DoE pp. 66-67 The European conception of individual freedom was, by contrast, tied ineluctably to notions of private property. Legally, this association traces back above all to the power of the male household head in ancient Rome, who could do whatever he liked with his chattels and possessions, including his children and slaves. In this view, freedom was always defined – at least potentially – as something exercised to the cost of others. What’s more, there was a strong emphasis in ancient Roman (and modern European) law on the self-sufficiency of households; hence, true freedom meant autonomy in the radical sense, not just autonomy of the will, but being in no way dependent on other human beings (except those under one’s direct control). Rousseau, who always insisted he wished to live without being dependent on others’ help (even as he had all his needs attended to by mistresses and servants), played out this very same logic in the conduct of his own life.

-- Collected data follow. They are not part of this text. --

lemma neuron_term_diff_le:
  fixes \<sigma> \<sigma>' :: "real \<Rightarrow> real"
  assumes deriv: "\<And>x. (\<sigma> has_real_derivative \<sigma>' x) (at x)"
    and bd0: "\<And>x. \<bar>\<sigma> x\<bar> \<le> \<sigma>0" and bd1: "\<And>x. \<bar>\<sigma>' x\<bar> \<le> \<sigma>1"
    and X: "X \<in> token_set" and q: "norm q \<le> 1"
    and c0: "\<bar>c0\<bar> = 1" and U0: "norm U0 \<le> B" and s: "0 < s"
    and c_close: "\<bar>c - c0\<bar> \<le> \<rho>c / s"
    and U_close: "norm (U - U0) \<le> \<rho>u / s" and W_close: "norm (W - W0) \<le> \<rho>w / s"
  shows "\<bar>c * hneuron \<sigma> X q U W - c0 * hneuron \<sigma> X q U0 W0\<bar>
    \<le> (\<sigma>1 * sqrt (1 + B\<^sup>2) * sqrt (\<rho>u\<^sup>2 + \<rho>w\<^sup>2) + \<sigma>0 * \<rho>c) / s"
proof -
  let ?h = "hneuron \<sigma> X q U W"
  let ?h_init = "hneuron \<sigma> X q U0 W0"
  have \<sigma>1_nonneg: "0 \<le> \<sigma>1"
    using bd1 by (meson abs_ge_zero order_trans)
  have "0 \<le> \<rho>c / s"
    using c_close abs_ge_zero[of "c - c0"] by linarith
  then have c_part: "\<bar>(c - c0) * ?h\<bar> \<le> \<rho>c / s * \<sigma>0"
    unfolding abs_mult hneuron_def by (intro mult_mono c_close bd0) simp_all
  have U_W_part: "\<bar>c0 * (?h - ?h_init)\<bar> \<le> \<sigma>1 * sqrt (1 + B\<^sup>2) * sqrt (\<rho>u\<^sup>2 + \<rho>w\<^sup>2) / s"
  proof -
    have "\<bar>c0 * (?h - ?h_init)\<bar> = \<bar>?h - ?h_init\<bar>"
      using c0 by (simp add: abs_mult)
    also have "\<dots> \<le> \<sigma>1 * (norm (U - U0) + norm U0 * norm (W - W0))"
      by (rule abs_hneuron_diff_le[OF deriv bd1 X q])
    also have "\<dots> \<le> \<sigma>1 * (1 * (\<rho>u / s) + norm U0 * (\<rho>w / s))"
      using U_close W_close by (intro mult_left_mono add_mono \<sigma>1_nonneg) simp_all
    also have "\<dots> \<le> \<sigma>1 * (sqrt (1\<^sup>2 + (norm U0)\<^sup>2) * sqrt ((\<rho>u / s)\<^sup>2 + (\<rho>w / s)\<^sup>2))"
      by (intro mult_left_mono real_Cauchy_Schwarz_2 \<sigma>1_nonneg)
    also have "\<dots> \<le> \<sigma>1 * (sqrt (1 + B\<^sup>2) * (sqrt (\<rho>u\<^sup>2 + \<rho>w\<^sup>2) / s))"
    proof -
      have rescale: "sqrt ((\<rho>u / s)\<^sup>2 + (\<rho>w / s)\<^sup>2) = sqrt (\<rho>u\<^sup>2 + \<rho>w\<^sup>2) / s"
        using s by (simp add: power_divide add_divide_distrib[symmetric] real_sqrt_divide)
      have "sqrt (1\<^sup>2 + (norm U0)\<^sup>2) \<le> sqrt (1 + B\<^sup>2)"
        using U0 by (simp add: power_mono)
      then show ?thesis
        unfolding rescale using s by (intro mult_left_mono \<sigma>1_nonneg mult_right_mono) simp_all
    qed
    finally show ?thesis by simp
  qed
  have "c * ?h - c0 * ?h_init = (c - c0) * ?h + c0 * (?h - ?h_init)"
    by (simp add: algebra_simps)
  then have "\<bar>c * ?h - c0 * ?h_init\<bar> \<le> \<bar>(c - c0) * ?h\<bar> + \<bar>c0 * (?h - ?h_init)\<bar>"
    by (simp only: abs_triangle_ineq)
  also have "\<dots> \<le> \<rho>c / s * \<sigma>0 + \<sigma>1 * sqrt (1 + B\<^sup>2) * sqrt (\<rho>u\<^sup>2 + \<rho>w\<^sup>2) / s"
    using c_part U_W_part by (rule add_mono)
  also have "\<dots> = (\<sigma>1 * sqrt (1 + B\<^sup>2) * sqrt (\<rho>u\<^sup>2 + \<rho>w\<^sup>2) + \<sigma>0 * \<rho>c) / s"
    by (simp add: add_divide_distrib)
  finally show ?thesis .
qed
(* Let $(\mathscr{G},\mathscr{H},\mathscr{F},\iota_v,\varphi_p)$ be an equivariant sheaf of right cosets on a finite-dimensional real vector space $V$, let $\Lambda\subset V$ be a lattice, and let $p,q\ge2$ be multiplicatively independent natural numbers. Let $s\in\Gamma(V,\mathscr{F})$ and suppose there are $\Lambda$-periodic $A,B\in\Gamma(V,\mathscr{G})$ with $m_p^*(s)=As$ and $m_q^*(s)=Bs$. Then there exists a lattice $\Lambda'\subset\Lambda$ (depending on $s$) such that for every $z\in V\setminus\mathbb{Q}\Lambda$ and every $\lambda\in\Lambda'$ we have $s_{z+\lambda}=\iota_\lambda(s_z)$. If furthermore $\gcd(p,q)=1$, one may take $\Lambda'=\Lambda$.
   Context: $V$ carries its classical topology; $\mathbb{Q}\Lambda$ is the $\mathbb{Q}$-span of $\Lambda$. An equivariant sheaf of right cosets consists of: a sheaf of groups $\mathscr{G}$ on $V$, a subsheaf of subgroups $\mathscr{H}$, and the sheaf $\mathscr{F}=\mathscr{G}/\mathscr{H}$ of right cosets (pointed by the trivial coset $0_x$ in each stalk, with left $\mathscr{G}$-action), such that: (Dis) for every open $U$ and $f\in\mathscr{G}(U)$ the set $\{x\in U: f_x\notin\mathscr{H}_x\}$ meets every compact subset of $U$ in a finite set; for every $v\in V$ there are sheaf isomorphisms $\mathscr{G}\simeq t_v^*\mathscr{G}$ ($t_v(x)=x+v$) inducing $\iota_v:\mathscr{G}_x\to\mathscr{G}_{x+v}$ with $\iota_v\circ\iota_u=\iota_{u+v}$; for every real $p\neq0$ there are sheaf isomorphisms $\mathscr{G}\simeq m_p^*\mathscr{G}$ ($m_p(x)=px$) inducing $\varphi_p:\mathscr{G}_x\to\mathscr{G}_{px}$ with $\varphi_q\circ\varphi_p=\varphi_{pq}$; all preserve $\mathscr{H}$ (hence act on $\mathscr{F}$); and $\iota_{pv}\circ\varphi_p=\varphi_p\circ\iota_v$ on $\mathscr{G}_x$. For global sections, $(m_p^*s)_x=\varphi_p(s_{x/p})$ and $(t_v^*s)_x=\iota_v(s_{x-v})$. A lattice is a discrete subgroup spanning $V$; a section is $\Lambda$-periodic if $t_\lambda^*s=s$ for all $\lambda\in\Lambda$. *)

theory Defs
  imports "HOL-Analysis.Analysis" "HOL-Algebra.Coset"
begin

text \<open>Sheaves are modelled in the etale-space style: a sheaf of groups on V is given by
its stalk groups G x (all living in one ambient HOL type 'g) and the predicate
sect U f ("f restricted to the open set U is a section over U"); germs are values.\<close>

definition sheaf_of_groups ::
  "('v::topological_space \<Rightarrow> 'g monoid) \<Rightarrow> ('v set \<Rightarrow> ('v \<Rightarrow> 'g) \<Rightarrow> bool) \<Rightarrow> bool" where
  "sheaf_of_groups G sect \<longleftrightarrow>
     (\<forall>x. group (G x)) \<and>
     (\<forall>U f. sect U f \<longrightarrow> open U \<and> (\<forall>x\<in>U. f x \<in> carrier (G x))) \<and>
     (\<forall>U W f. sect U f \<and> open W \<and> W \<subseteq> U \<longrightarrow> sect W f) \<and>
     (\<forall>U f g. sect U f \<and> (\<forall>x\<in>U. f x = g x) \<longrightarrow> sect U g) \<and>
     (\<forall>U f. open U \<and> (\<forall>x\<in>U. \<exists>W. open W \<and> x \<in> W \<and> W \<subseteq> U \<and> sect W f) \<longrightarrow> sect U f) \<and>
     (\<forall>U f g x. sect U f \<and> sect U g \<and> x \<in> U \<and> f x = g x \<longrightarrow>
        (\<exists>W. open W \<and> x \<in> W \<and> W \<subseteq> U \<and> (\<forall>y\<in>W. f y = g y))) \<and>
     (\<forall>x a. a \<in> carrier (G x) \<longrightarrow> (\<exists>U f. x \<in> U \<and> sect U f \<and> f x = a)) \<and>
     (\<forall>U. open U \<longrightarrow> sect U (\<lambda>x. \<one>\<^bsub>G x\<^esub>)) \<and>
     (\<forall>U f g. sect U f \<and> sect U g \<longrightarrow> sect U (\<lambda>x. f x \<otimes>\<^bsub>G x\<^esub> g x)) \<and>
     (\<forall>U f. sect U f \<longrightarrow> sect U (\<lambda>x. inv\<^bsub>G x\<^esub> (f x)))"

text \<open>A subsheaf of subgroups, given by its stalks H x (the etale subspace is open).\<close>
definition subsheaf_of_subgroups ::
  "('v::topological_space \<Rightarrow> 'g monoid) \<Rightarrow> ('v set \<Rightarrow> ('v \<Rightarrow> 'g) \<Rightarrow> bool) \<Rightarrow> ('v \<Rightarrow> 'g set) \<Rightarrow> bool" where
  "subsheaf_of_subgroups G sect H \<longleftrightarrow>
     (\<forall>x. subgroup (H x) (G x)) \<and>
     (\<forall>U f x. sect U f \<and> x \<in> U \<and> f x \<in> H x \<longrightarrow>
        (\<exists>W. open W \<and> x \<in> W \<and> W \<subseteq> U \<and> (\<forall>y\<in>W. f y \<in> H y)))"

Different societies sometimes have radically different systems of value, and what might be most important in one – or at least, what everyone insists is most important in one – might have very little to do with what’s important in another. Imagine a society in which everyone is equal before the gods, but 50 per cent of the population are sharecroppers with no property and therefore no legal or political rights. Does it really make sense to call this an ‘egalitarian society’ – even if everyone, including the sharecroppers, insists that it’s really only one’s relation to the gods that is ultimately important? There’s only one way out of this dilemma: to create some sort of universal, objective standards by which to measure equality. Since the time of Jean-Jacques Rousseau and Adam Smith, this has almost invariably meant focusing on #property arrangements.

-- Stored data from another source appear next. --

(* Let $p_1>p_2\ge2$ be relatively prime positive integers, and write $p_1=ap_2+b$ with integers $a\ge1$ and $0<b<p_2$. Then the first $p_1+p_2$ terms of the D'Hondt sequence $S_1(p_1,p_2)$ are $$1^{a},\,2,\,1^{k_2},\,2,\,1^{k_3},\,2,\,\dots,\,1^{k_{p_2}},\,2,$$ where for $i=2,\dots,p_2$, $k_i=a+1$ if $i\in S$ and $k_i=a$ otherwise, with $S=\{\lceil jp_2/b\rceil : j=1,\dots,b\}$.
   Context: Stationary divisor method with cut point $c$ for votes $(p_1,p_2)$: seats are allocated one at a time. Initially $a_1=a_2=0$; each next seat goes to a party $i$ maximizing $p_i/(a_i+c)$, whose $a_i$ then increases by $1$. Ties are broken in favor of party $1$. D'Hondt's method is $c=1$. $S_1(p_1,p_2)$ is the infinite sequence of party labels (in $\{1,2\}$) of successive seats. The notation $1^k$ denotes $k$ consecutive $1$'s. *)

theory Defs
  imports Complex_Main
begin

text \<open>Stationary divisor method with cut point c for votes (p1,p2).
  seats p1 p2 c n = (a1,a2), the seat counts after n seats have been allocated.
  The next seat goes to party 1 iff p1/(a1+c) >= p2/(a2+c) (ties favour party 1).\<close>

definition next_party :: "real \<Rightarrow> real \<Rightarrow> real \<Rightarrow> nat \<times> nat \<Rightarrow> nat" where
  "next_party p1 p2 c s =
     (if p1 / (real (fst s) + c) \<ge> p2 / (real (snd s) + c) then 1 else 2)"

fun seats :: "real \<Rightarrow> real \<Rightarrow> real \<Rightarrow> nat \<Rightarrow> nat \<times> nat" where
  "seats p1 p2 c 0 = (0, 0)"
| "seats p1 p2 c (Suc n) =
     (let s = seats p1 p2 c n in
      if next_party p1 p2 c s = 1 then (Suc (fst s), snd s) else (fst s, Suc (snd s)))"

text \<open>The sequence S_c(p1,p2) of party labels, 0-indexed: entry n is the label of the (n+1)-st seat.\<close>
definition stationary_seq :: "real \<Rightarrow> real \<Rightarrow> real \<Rightarrow> nat \<Rightarrow> nat" where
  "stationary_seq c p1 p2 n = next_party p1 p2 c (seats p1 p2 c n)"

definition dhondt_seq :: "real \<Rightarrow> real \<Rightarrow> nat \<Rightarrow> nat" where
  "dhondt_seq p1 p2 = stationary_seq 1 p1 p2"

end

theory Submission
  imports Defs
begin

text \<open>With cut point 1 and integer votes, party 1 wins the next seat in state (x, m) iff
  x < \<lfloor>p1 (m + 1) / p2\<rfloor>.  Hence the sequence splits into blocks: the i-th block is a run of
  \<lfloor>p1 i / p2\<rfloor> - \<lfloor>p1 (i - 1) / p2\<rfloor> ones closed by a 2, and p2 blocks fill p1 + p2 seats.
  For p1 = a p2 + b this run length is a plus \<lfloor>b i / p2\<rfloor> - \<lfloor>b (i - 1) / p2\<rfloor> \<in> {0, 1}, and the
  increment is 1 exactly when a multiple j p2 lies in (b (i - 1), b i], i.e. when i = \<lceil>j p2 / b\<rceil>.\<close>

lemma dhondt_next_party_eq:
  fixes p1 p2 x m :: nat
  assumes "0 < p2"
  shows "next_party (real p1) (real p2) 1 (x, m) = (if x < p1 * (m + 1) div p2 then 1 else 2)"
proof -
  have "real p2 / (real m + 1) \<le> real p1 / (real x + 1)
        \<longleftrightarrow> real p2 * (real x + 1) \<le> real p1 * (real m + 1)"
    by (simp add: divide_simps mult.commute)
  also have "\<dots> \<longleftrightarrow> p2 * (x + 1) \<le> p1 * (m + 1)"
    unfolding of_nat_le_iff[where 'a = real, symmetric] by (simp add: algebra_simps)
  also have "\<dots> \<longleftrightarrow> x < p1 * (m + 1) div p2"
    using div_less_iff_less_mult[OF assms, of "p1 * (m + 1)" "x + 1"] by (auto simp: mult.commute)
  finally show ?thesis
    unfolding next_party_def by simp
qed

lemma dhondt_seats_run:
  fixes p1 p2 :: nat
  assumes "0 < p2" and "seats (real p1) (real p2) 1 n = (x, m)"
    and "x + t \<le> p1 * (m + 1) div p2"
  shows "seats (real p1) (real p2) 1 (n + t) = (x + t, m)"
  using assms(3)
proof (induction t)
  case 0
  then show ?case using assms(2) by simp
next
  case (Suc t)
  then have "seats (real p1) (real p2) 1 (n + t) = (x + t, m)" and "x + t < p1 * (m + 1) div p2"
    by simp_all
  then show ?case
    using dhondt_next_party_eq[OF assms(1)] by simp
qed

lemma dhondt_seats_block:
  fixes p1 p2 :: nat
  assumes p2: "0 < p2" and seats_n: "seats (real p1) (real p2) 1 n = (x, m)"
    and x_le: "x \<le> p1 * (m + 1) div p2"
  defines "d \<equiv> p1 * (m + 1) div p2 - x"
  shows "map (dhondt_seq (real p1) (real p2)) [n..<n + d + 1] = replicate d 1 @ [2]"
    and "seats (real p1) (real p2) 1 (n + d + 1) = (p1 * (m + 1) div p2, m + 1)"
proof -
  have run: "seats (real p1) (real p2) 1 (n + t) = (x + t, m)" if "t \<le> d" for t
    using dhondt_seats_run[OF p2 seats_n] that x_le unfolding d_def by simp
  have party1: "dhondt_seq (real p1) (real p2) (n + t) = 1" if "t < d" for t
    using run[of t] that dhondt_next_party_eq[OF p2] d_def
    unfolding dhondt_seq_def stationary_seq_def by simp
  have party2: "dhondt_seq (real p1) (real p2) (n + d) = 2"
    using run[of d] dhondt_next_party_eq[OF p2] x_le d_def
    unfolding dhondt_seq_def stationary_seq_def by simp
  have "map (dhondt_seq (real p1) (real p2)) [n..<n + d] = replicate d 1"
    by (rule nth_equalityI) (simp_all add: party1)
  then show "map (dhondt_seq (real p1) (real p2)) [n..<n + d + 1] = replicate d 1 @ [2]"
    using party2 by simp
  show "seats (real p1) (real p2) 1 (n + d + 1) = (p1 * (m + 1) div p2, m + 1)"
    using run[of d] dhondt_next_party_eq[OF p2] x_le d_def by (simp add: Let_def)
qed

lemma dhondt_seats_at_quota:
  fixes p1 p2 m :: nat
  assumes "0 < p2"
  shows "seats (real p1) (real p2) 1 (p1 * m div p2 + m) = (p1 * m div p2, m)"
proof (induction m)
  case 0
  then show ?case by simp
next
  case (Suc m)
  have "p1 * m div p2 \<le> p1 * (m + 1) div p2"
    by (simp add: div_le_mono)
  from dhondt_seats_block(2)[OF assms Suc this] this show ?case
    by (simp add: add.commute del: seats.simps)
qed

lemma dhondt_seq_prefix_blocks:
  fixes p1 p2 m :: nat
  assumes "0 < p2"
  shows "map (dhondt_seq (real p1) (real p2)) [0..<p1 * m div p2 + m] =
    concat (map (\<lambda>i. replicate (p1 * i div p2 - p1 * (i - 1) div p2) 1 @ [2]) [1..<m + 1])"
proof (induction m)
  case 0
  then show ?case by simp
next
  case (Suc m)
  let ?q = "p1 * (m + 1) div p2" and ?n = "p1 * m div p2 + m"
  have mono: "p1 * m div p2 \<le> ?q"
    by (simp add: div_le_mono)
  have block_end: "?n + (?q - p1 * m div p2) + 1 = ?q + Suc m"
    using mono by simp
  have block: "map (dhondt_seq (real p1) (real p2)) [?n..<?q + Suc m] =
      replicate (?q - p1 * m div p2) 1 @ [2]"
    using dhondt_seats_block(1)[OF assms dhondt_seats_at_quota[OF assms] mono]
    unfolding block_end .
  have "[0..<?q + Suc m] = [0..<?n] @ [?n..<?q + Suc m]"
    using upt_add_eq_append[of 0 ?n "?q - p1 * m div p2 + 1"]
    unfolding add.assoc[symmetric] block_end by simp
  then show ?case
    using Suc block by simp
qed

lemma nat_ceiling_ratio_eq_iff:
  fixes b p i j :: nat
  assumes "0 < b" and "1 \<le> i"
  shows "nat \<lceil>real j * real p / real b\<rceil> = i \<longleftrightarrow> b * (i - 1) < j * p \<and> j * p \<le> b * i"
proof -
  have "nat \<lceil>real j * real p / real b\<rceil> = i \<longleftrightarrow> \<lceil>real j * real p / real b\<rceil> = int i"
    using assms by auto
  also have "\<dots> \<longleftrightarrow> real i - 1 < real j * real p / real b \<and> real j * real p / real b \<le> real i"
    by (simp add: ceiling_eq_iff)
  also have "\<dots> \<longleftrightarrow> real b * (real i - 1) < real j * real p \<and> real j * real p \<le> real b * real i"
    using assms by (simp add: pos_less_divide_eq pos_divide_le_eq mult.commute)
  also have "\<dots> \<longleftrightarrow> real (b * (i - 1)) < real (j * p) \<and> real (j * p) \<le> real (b * i)"
    using assms by (simp add: of_nat_diff)
  also have "\<dots> \<longleftrightarrow> b * (i - 1) < j * p \<and> j * p \<le> b * i"
    by (simp only: of_nat_less_iff of_nat_le_iff)
  finally show ?thesis .
qed

lemma mem_ceiling_multiples_iff:
  fixes b p i :: nat
  assumes b: "0 < b" and p: "0 < p" and i: "1 \<le> i" "i \<le> p"
  shows "i \<in> {nat \<lceil>real j * real p / real b\<rceil> | j. 1 \<le> j \<and> j \<le> b}
         \<longleftrightarrow> b * (i - 1) div p < b * i div p"
proof
  assume "i \<in> {nat \<lceil>real j * real p / real b\<rceil> | j. 1 \<le> j \<and> j \<le> b}"
  then obtain j where "nat \<lceil>real j * real p / real b\<rceil> = i"
    by auto
  then have "b * (i - 1) < j * p" and "j * p \<le> b * i"
    using nat_ceiling_ratio_eq_iff[OF b i(1)] by auto
  then have "b * (i - 1) div p < j" and "j \<le> b * i div p"
    using div_less_iff_less_mult[OF p, of _ j] div_less_iff_less_mult[OF p, of "b * i" j]
    by (blast, linarith)
  then show "b * (i - 1) div p < b * i div p"
    by linarith
next
  assume step: "b * (i - 1) div p < b * i div p"
  define j where "j = b * i div p"
  have "j * p \<le> b * i"
    unfolding j_def by (simp add: times_div_less_eq_dividend)
  moreover have "b * (i - 1) < j * p"
    using step div_less_iff_less_mult[OF p, of "b * (i - 1)" j] unfolding j_def by linarith
  moreover have "j \<le> b"
  proof -
    have "b * i div p \<le> b * p div p"
      using i(2) by (intro div_le_mono) simp
    then show ?thesis
      unfolding j_def using p by simp
  qed
  moreover have "1 \<le> j"
    using step unfolding j_def by linarith
  ultimately show "i \<in> {nat \<lceil>real j * real p / real b\<rceil> | j. 1 \<le> j \<and> j \<le> b}"
    using nat_ceiling_ratio_eq_iff[OF b i(1), of j p] by (intro CollectI exI[of _ j]) simp
qed

lemma div_quota_increment:
  fixes a b p1 p2 i :: nat
  assumes p2: "0 < p2" and "b < p2" and p1: "p1 = a * p2 + b" and i: "1 \<le> i"
  shows "p1 * i div p2 - p1 * (i - 1) div p2 = (if b * (i - 1) div p2 < b * i div p2 then a + 1 else a)"
proof -
  have quota: "p1 * n div p2 = a * n + b * n div p2" for n
  proof -
    have "p1 * n = b * n + (a * n) * p2"
      by (simp add: p1 algebra_simps)
    then show ?thesis
      using p2 by simp
  qed
  have "b * i div p2 \<le> (b * (i - 1) + 1 * p2) div p2"
    using assms by (intro div_le_mono) (cases i, auto)
  then have "b * i div p2 \<le> b * (i - 1) div p2 + 1"
    using p2 by simp
  moreover have "b * (i - 1) div p2 \<le> b * i div p2"
    by (simp add: div_le_mono)
  moreover have "a * i = a * (i - 1) + a"
    using i by (cases i) auto
  ultimately show ?thesis
    unfolding quota by auto
qed

theorem mainTheorem13:
  fixes p1 p2 a b :: nat
  assumes "p1 > p2" and "p2 \<ge> 2" and "coprime p1 p2"
    and "p1 = a * p2 + b" and "a \<ge> 1" and "0 < b" and "b < p2"
  defines "S \<equiv> {nat \<lceil>real j * real p2 / real b\<rceil> | j. 1 \<le> j \<and> j \<le> b}"
  defines "k \<equiv> (\<lambda>i::nat. if i \<in> S then a + 1 else a)"
  shows "map (dhondt_seq (real p1) (real p2)) [0..<p1 + p2] =
           replicate a 1 @ [2] @ concat (map (\<lambda>i. replicate (k i) 1 @ [2]) [2..<p2 + 1])"
proof -
  have p2: "0 < p2"
    using assms(2) by simp
  have k_1: "k 1 = a"
    using mem_ceiling_multiples_iff[OF assms(6) p2, of 1] assms(7) p2 unfolding k_def S_def by simp
  have "map (dhondt_seq (real p1) (real p2)) [0..<p1 + p2] =
      concat (map (\<lambda>i. replicate (p1 * i div p2 - p1 * (i - 1) div p2) 1 @ [2]) [1..<p2 + 1])"
    using dhondt_seq_prefix_blocks[OF p2, of p1 p2] p2 by simp
  also have "\<dots> = concat (map (\<lambda>i. replicate (k i) 1 @ [2]) [1..<p2 + 1])"
  proof (intro arg_cong[where f = concat] map_cong)
    fix i
    assume "i \<in> set [1..<p2 + 1]"
    then have "1 \<le> i" and "i \<le> p2"
      by auto
    then show "replicate (p1 * i div p2 - p1 * (i - 1) div p2) 1 @ [2] = replicate (k i) 1 @ [2]"
      using div_quota_increment[OF p2 assms(7,4)] mem_ceiling_multiples_iff[OF assms(6) p2]
      unfolding k_def S_def by simp
  qed simp
  also have "[1..<p2 + 1] = 1 # [2..<p2 + 1]"
    using p2 by (simp add: upt_conv_Cons numeral_2_eq_2)
  finally show ?thesis
    using k_1 by simp
qed

end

We stick to the current predicament because we cannot imagine alternatives. Yet these alternatives do exist. They existed in the past, they still exist in other present-day civilizations, and they exist in the very inside of our western world, in forms that go unnoticed, because our common sense makes them look trivial and unimportant, or simply puts them in a blind spot. More importantly, we are able – collectively – to imagine and create alternatives:
Is not the capacity to experiment with different forms of social organization itself a quintessential part of what makes us human. That is, beings with the capacity for self-creation, even freedom?
We are projects of mutual self-creation, and it can be argued that the very essence of human beings is imagination (see Utopia of rules), and the ability to imagine and reinvent ourselves and to collectively reshape or social relationships.
If, as many are suggesting, our species’ future now hinges on our capacity to create something different (say, a system in which wealth cannot be freely transformed into power, or where some people are not told their needs are unimportant, or that their lives have no intrinsic worth), then what ultimately matters is whether we can rediscover the freedoms that make us human in the first place. As long ago as 1936, the prehistorian V. Gordon Childe wrote a book called Man Makes Himself. Apart from the sexist language, this is the spirit we wish to invoke. We are projects of collective self-creation. What if we approached human history that way? What if we treat people, from the beginning, as imaginative, intelligent, playful creatures who deserve to be understood as such? What if, instead of telling a story about how our species fell from some idyllic state of equality, we ask how we came to be trapped in such tight conceptual shackles that we can no longer even imagine the possibility of reinventing ourselves? [1]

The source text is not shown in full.